> _Exercise material_
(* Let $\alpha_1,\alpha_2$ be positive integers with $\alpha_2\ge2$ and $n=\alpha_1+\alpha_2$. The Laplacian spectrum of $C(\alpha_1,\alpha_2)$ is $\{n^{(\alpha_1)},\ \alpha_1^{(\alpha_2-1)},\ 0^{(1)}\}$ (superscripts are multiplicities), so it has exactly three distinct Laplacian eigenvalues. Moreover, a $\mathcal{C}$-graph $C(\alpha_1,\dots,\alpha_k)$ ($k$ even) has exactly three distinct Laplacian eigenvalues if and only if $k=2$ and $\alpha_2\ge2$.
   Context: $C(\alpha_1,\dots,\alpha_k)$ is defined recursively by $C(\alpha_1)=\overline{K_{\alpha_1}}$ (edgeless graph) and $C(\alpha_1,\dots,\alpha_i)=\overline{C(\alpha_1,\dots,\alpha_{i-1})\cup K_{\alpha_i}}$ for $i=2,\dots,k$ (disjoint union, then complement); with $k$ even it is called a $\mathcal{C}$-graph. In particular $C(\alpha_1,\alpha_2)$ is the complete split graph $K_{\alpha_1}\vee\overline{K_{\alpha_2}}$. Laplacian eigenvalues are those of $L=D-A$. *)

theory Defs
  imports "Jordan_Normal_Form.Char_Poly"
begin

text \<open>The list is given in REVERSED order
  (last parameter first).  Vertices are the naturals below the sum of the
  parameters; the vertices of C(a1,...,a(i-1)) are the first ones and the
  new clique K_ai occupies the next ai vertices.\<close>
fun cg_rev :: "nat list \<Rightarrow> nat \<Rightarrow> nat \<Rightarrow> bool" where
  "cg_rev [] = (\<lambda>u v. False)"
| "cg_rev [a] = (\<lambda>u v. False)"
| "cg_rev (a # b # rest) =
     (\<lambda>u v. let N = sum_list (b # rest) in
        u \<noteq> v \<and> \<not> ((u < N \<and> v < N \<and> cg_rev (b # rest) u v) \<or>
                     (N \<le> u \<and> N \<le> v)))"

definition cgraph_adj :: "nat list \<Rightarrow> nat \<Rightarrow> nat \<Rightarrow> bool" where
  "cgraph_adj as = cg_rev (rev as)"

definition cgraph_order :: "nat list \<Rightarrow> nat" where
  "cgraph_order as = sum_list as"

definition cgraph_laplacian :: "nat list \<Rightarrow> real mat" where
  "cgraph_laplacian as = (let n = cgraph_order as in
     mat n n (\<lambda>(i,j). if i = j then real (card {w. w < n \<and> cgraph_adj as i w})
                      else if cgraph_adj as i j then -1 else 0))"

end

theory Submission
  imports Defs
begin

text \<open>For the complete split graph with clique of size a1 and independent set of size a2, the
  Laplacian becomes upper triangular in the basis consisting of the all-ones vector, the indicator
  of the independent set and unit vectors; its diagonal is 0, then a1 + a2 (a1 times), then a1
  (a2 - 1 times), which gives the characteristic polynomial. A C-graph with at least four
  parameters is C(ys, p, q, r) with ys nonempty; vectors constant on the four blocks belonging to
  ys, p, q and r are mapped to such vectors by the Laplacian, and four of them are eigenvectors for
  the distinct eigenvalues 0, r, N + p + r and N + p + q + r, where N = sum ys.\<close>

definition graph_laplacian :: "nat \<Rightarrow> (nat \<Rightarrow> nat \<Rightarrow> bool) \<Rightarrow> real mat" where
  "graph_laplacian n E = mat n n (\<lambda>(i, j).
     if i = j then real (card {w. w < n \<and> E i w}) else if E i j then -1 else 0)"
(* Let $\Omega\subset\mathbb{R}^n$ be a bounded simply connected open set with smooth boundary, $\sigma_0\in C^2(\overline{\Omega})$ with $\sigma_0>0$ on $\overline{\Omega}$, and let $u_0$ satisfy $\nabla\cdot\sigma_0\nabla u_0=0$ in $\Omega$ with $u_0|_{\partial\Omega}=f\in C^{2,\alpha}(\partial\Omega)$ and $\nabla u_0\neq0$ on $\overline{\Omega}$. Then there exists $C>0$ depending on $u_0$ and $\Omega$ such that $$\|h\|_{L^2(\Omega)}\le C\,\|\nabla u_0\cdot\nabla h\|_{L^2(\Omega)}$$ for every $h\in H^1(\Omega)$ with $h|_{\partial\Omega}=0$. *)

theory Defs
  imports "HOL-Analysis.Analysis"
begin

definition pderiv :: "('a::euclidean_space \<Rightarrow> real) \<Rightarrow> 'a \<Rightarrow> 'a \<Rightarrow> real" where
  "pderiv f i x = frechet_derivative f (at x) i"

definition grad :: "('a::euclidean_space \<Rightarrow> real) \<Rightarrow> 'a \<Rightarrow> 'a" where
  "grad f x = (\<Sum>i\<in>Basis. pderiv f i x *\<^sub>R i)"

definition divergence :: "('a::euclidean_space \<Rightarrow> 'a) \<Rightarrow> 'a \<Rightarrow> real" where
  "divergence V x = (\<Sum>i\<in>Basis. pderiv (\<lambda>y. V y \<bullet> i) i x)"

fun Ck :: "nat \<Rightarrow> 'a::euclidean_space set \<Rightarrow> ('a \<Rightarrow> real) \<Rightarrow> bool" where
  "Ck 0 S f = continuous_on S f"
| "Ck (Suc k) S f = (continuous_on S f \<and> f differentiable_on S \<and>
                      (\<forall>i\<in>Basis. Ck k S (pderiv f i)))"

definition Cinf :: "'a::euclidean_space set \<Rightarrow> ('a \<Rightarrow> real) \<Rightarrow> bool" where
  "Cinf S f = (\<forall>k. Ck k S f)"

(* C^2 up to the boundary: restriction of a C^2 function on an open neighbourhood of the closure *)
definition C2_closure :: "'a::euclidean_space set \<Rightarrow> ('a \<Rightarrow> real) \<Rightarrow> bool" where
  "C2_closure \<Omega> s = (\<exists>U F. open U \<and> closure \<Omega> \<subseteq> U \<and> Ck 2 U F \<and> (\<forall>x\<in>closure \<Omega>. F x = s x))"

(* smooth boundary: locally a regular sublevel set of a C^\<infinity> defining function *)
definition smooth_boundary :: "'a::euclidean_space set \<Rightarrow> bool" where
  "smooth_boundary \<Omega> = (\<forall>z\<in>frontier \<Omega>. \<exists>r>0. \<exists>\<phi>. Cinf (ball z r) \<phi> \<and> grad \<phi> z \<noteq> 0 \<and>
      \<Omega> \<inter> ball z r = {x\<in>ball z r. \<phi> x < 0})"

> _Assigned task_
Return, from the data, each line where the string "definition" occurs.

> _Task response_
definition cgraph_adj :: "nat list \<Rightarrow> nat \<Rightarrow> nat \<Rightarrow> bool" where
definition cgraph_order :: "nat list \<Rightarrow> nat" where
definition cgraph_laplacian :: "nat list \<Rightarrow> real mat" where
definition graph_laplacian :: "nat \<Rightarrow> (nat \<Rightarrow> nat \<Rightarrow> bool) \<Rightarrow> real mat" where
definition pderiv :: "('a::euclidean_space \<Rightarrow> real) \<Rightarrow> 'a \<Rightarrow> 'a \<Rightarrow> real" where
definition grad :: "('a::euclidean_space \<Rightarrow> real) \<Rightarrow> 'a \<Rightarrow> 'a" where
definition divergence :: "('a::euclidean_space \<Rightarrow> 'a) \<Rightarrow> 'a \<Rightarrow> real" where
definition Cinf :: "'a::euclidean_space set \<Rightarrow> ('a \<Rightarrow> real) \<Rightarrow> bool" where
definition C2_closure :: "'a::euclidean_space set \<Rightarrow> ('a \<Rightarrow> real) \<Rightarrow> bool" where
definition smooth_boundary :: "'a::euclidean_space set \<Rightarrow> bool" where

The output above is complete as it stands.